Roxxxanne wrote:ebrown_p wrote:Finn dAbuzz wrote:
Maybe Thompson. Tough not to like the guy.
Factually, many of us don't find it tough at all.
Ditto
Ditto.
Hell, us three are all liberals of course, but I doubt you'll find anyone much who's not actually conservative (eg moderates, independents) who part who likes him. His appeal has really been limited to conservative base voters only, at least ever since he actually formally got in the race and promptly nosedived.
As for thinking Rudy is in good shape, dude... he's toast. Coming in last in Iowa does not need to be such a problem - if you never campaigned there in the first place. Up till about a month ago, Rudy really tried there though - but it just seems that the more they heard of him, the more they disliked him. And even after that he stopped visiting himself and didnt run TV ads, but did pursue a "covert" campaign intended to at least secure third or a reasonable fourth, with lots of mailers and radio ads that the mainstream media wouldnt pick up on but still have impact. They didnt, none.

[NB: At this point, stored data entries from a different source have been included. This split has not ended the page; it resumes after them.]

(* (Root Capacity Magnification Theorem.) Let $K$ be a perfect field and let $K\subseteq L\subseteq M$ be finite extensions inside $\bar K$. Let $F/K$ be a finite Galois extension of degree $d$ such that $M'=MF$ is obtained by strong cluster magnification from $M/K$ through $F/K$ and $L'=LF$ is obtained by strong cluster magnification from $L/K$ through $F/K$. Then $\rho_K(M',L')=d\cdot\rho_K(M,L)$.
   Context: $\bar K$ is a fixed algebraic closure of $K$; $\tilde E$ denotes the Galois closure in $\bar K$ of a finite extension $E/K$. A finite extension $M/K$ is obtained by strong cluster magnification from a subextension $L/K$ through a finite Galois extension $F/K$ if $[L:K]>2$, $\tilde L\cap F=K$, and $LF=M$; $d=[F:K]$ is the magnification factor. For finite extensions $L/K$, $M/K$, writing $L=K(\alpha)$ with minimal polynomial $f$ of $\alpha$ over $K$, the root capacity $\rho_K(M,L)$ is the number of roots of $f$ lying in $M$ (independent of the choice of $\alpha$); equivalently $\rho_K(M,L)=a\cdot r_K(L)$, where $a$ is the number of distinct subfields of $M$ isomorphic to $L$ over $K$ and $r_K(L)$ is the number of roots of $f$ in $L$. *)

theory Defs
  imports "HOL-Computational_Algebra.Polynomial"
begin

text \<open>Ambient field: a type 'a :: field playing the role of the fixed algebraic
closure of K. Subfields of it are sets.\<close>

definition is_subfield :: "'a::field set \<Rightarrow> bool" where
  "is_subfield S \<longleftrightarrow> 0 \<in> S \<and> 1 \<in> S \<and>
     (\<forall>x\<in>S. \<forall>y\<in>S. x + y \<in> S \<and> x * y \<in> S) \<and>
     (\<forall>x\<in>S. - x \<in> S \<and> inverse x \<in> S)"

definition alg_closed :: "'a::field itself \<Rightarrow> bool" where
  "alg_closed _ \<longleftrightarrow> (\<forall>p::'a poly. degree p > 0 \<longrightarrow> (\<exists>x. poly p x = 0))"

definition poly_over :: "'a::field set \<Rightarrow> 'a poly \<Rightarrow> bool" where
  "poly_over K p \<longleftrightarrow> (\<forall>i. coeff p i \<in> K)"

definition algebraic_over :: "'a::field set \<Rightarrow> 'a \<Rightarrow> bool" where
  "algebraic_over K x \<longleftrightarrow> (\<exists>p. p \<noteq> 0 \<and> poly_over K p \<and> poly p x = 0)"

definition min_poly :: "'a::field set \<Rightarrow> 'a \<Rightarrow> 'a poly" where
  "min_poly K x = (THE p. lead_coeff p = 1 \<and> poly_over K p \<and> poly p x = 0 \<and>
      (\<forall>q. q \<noteq> 0 \<and> poly_over K q \<and> poly q x = 0 \<longrightarrow> degree p \<le> degree q))"

text \<open>Perfect field: characteristic 0, or characteristic p with surjective Frobenius.\<close>
definition perfect_field :: "'a::field set \<Rightarrow> bool" where
  "perfect_field K \<longleftrightarrow> (\<forall>p::nat. prime p \<and> of_nat p = (0::'a) \<longrightarrow>
      (\<forall>x\<in>K. \<exists>y\<in>K. y ^ p = x))"

definition gen_field :: "'a::field set \<Rightarrow> 'a set" where
  "gen_field S = \<Inter>{T. is_subfield T \<and> S \<subseteq> T}"

definition compositum :: "'a::field set \<Rightarrow> 'a set \<Rightarrow> 'a set" where
  "compositum L F = gen_field (L \<union> F)"

definition is_basis_over :: "'a::field set \<Rightarrow> 'a set \<Rightarrow> 'a set \<Rightarrow> bool" where
  "is_basis_over K L B \<longleftrightarrow> finite B \<and> B \<subseteq> L \<and>
     (\<forall>c. (\<forall>b\<in>B. c b \<in> K) \<and> (\<Sum>b\<in>B. c b * b) = 0 \<longrightarrow> (\<forall>b\<in>B. c b = 0)) \<and>
     L = {\<Sum>b\<in>B. c b * b | c. \<forall>b\<in>B. c b \<in> K}"

definition finite_ext :: "'a::field set \<Rightarrow> 'a set \<Rightarrow> bool" where
  "finite_ext K L \<longleftrightarrow> is_subfield K \<and> is_subfield L \<and> K \<subseteq> L \<and> (\<exists>B. is_basis_over K L B)"

definition ext_degree :: "'a::field set \<Rightarrow> 'a set \<Rightarrow> nat" where
  "ext_degree K L = (if \<exists>B. is_basis_over K L B then card (SOME B. is_basis_over K L B) else 0)"

definition K_embedding :: "'a::field set \<Rightarrow> 'a set \<Rightarrow> ('a \<Rightarrow> 'a) \<Rightarrow> bool" where
  "K_embedding K L \<sigma> \<longleftrightarrow> (\<forall>x\<in>K. \<sigma> x = x) \<and> \<sigma> 1 = 1 \<and>
     (\<forall>x\<in>L. \<forall>y\<in>L. \<sigma> (x + y) = \<sigma> x + \<sigma> y \<and> \<sigma> (x * y) = \<sigma> x * \<sigma> y)"

definition galois_closure :: "'a::field set \<Rightarrow> 'a set \<Rightarrow> 'a set" where
  "galois_closure K L = gen_field (K \<union> \<Union>{\<sigma> ` L | \<sigma>. K_embedding K L \<sigma>})"

definition galois_ext :: "'a::field set \<Rightarrow> 'a set \<Rightarrow> bool" where
  "galois_ext K F \<longleftrightarrow> finite_ext K F \<and>
     (\<forall>a\<in>F. \<forall>b. poly (min_poly K a) b = 0 \<longrightarrow> b \<in> F) \<and>
     (\<forall>a\<in>F. rsquarefree (min_poly K a))"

Same story in New Hampshire. He was setting his eyes on victory in the state until just three weeks ago or so, putting a lot of effort and money in the state, yet all his numbers did in the last couple months is fall. Again, it seems like the more the locals saw of him, the less they liked him. Finally he just stopped going there altogether, and now he's destined to become a distant third at best, and more likely fourth or even fifth.
Up comes South Carolina, where he's going to do lousily, and Michigan, where he's already down to third, and he'll have come at the end of the pack in states across the country, from midwest to New England to the South. His campaign will be either ridiculed or ignored in all media coverage, or both.
Nationally, he long led the polls - all the way from back in the days when the media stubbornly called McCain the frontrunner. This is what he's been counting on; that the early primary states wont matter as much because he has the national momentum, and will confirm that lead in Florida, then NY and CA etc. But in the national polls he has dropped starkly even before the Iowa caucuses, with barely a couple points lead left on the others, and Huckabee, Romney and McCain rising to basically turn it in a four-man race. Where will he go after three ignonimous defeats?
The one first primary state he's put everything on is Florida. But even the overpowering lead he had in Florida has melted away already. By mid-December he was just 4-9 points ahead on Huckabee and Romney in three polls, and actually behind one or both in two others. No polls have been done since but you can imagine what has happened, and will still happen after Giuliani ends a bad third at best in NH and SC and is wiped out in media coverage.
That leaves NY and CA as his big bets. But really, how impressed will the voters in all the red states of the heartland be by a Republican candidate who has to rely on the quintessentially liberal coastal urban states for his support?
Unless he performs some magic trick, Rudy's toast, and thank God for it.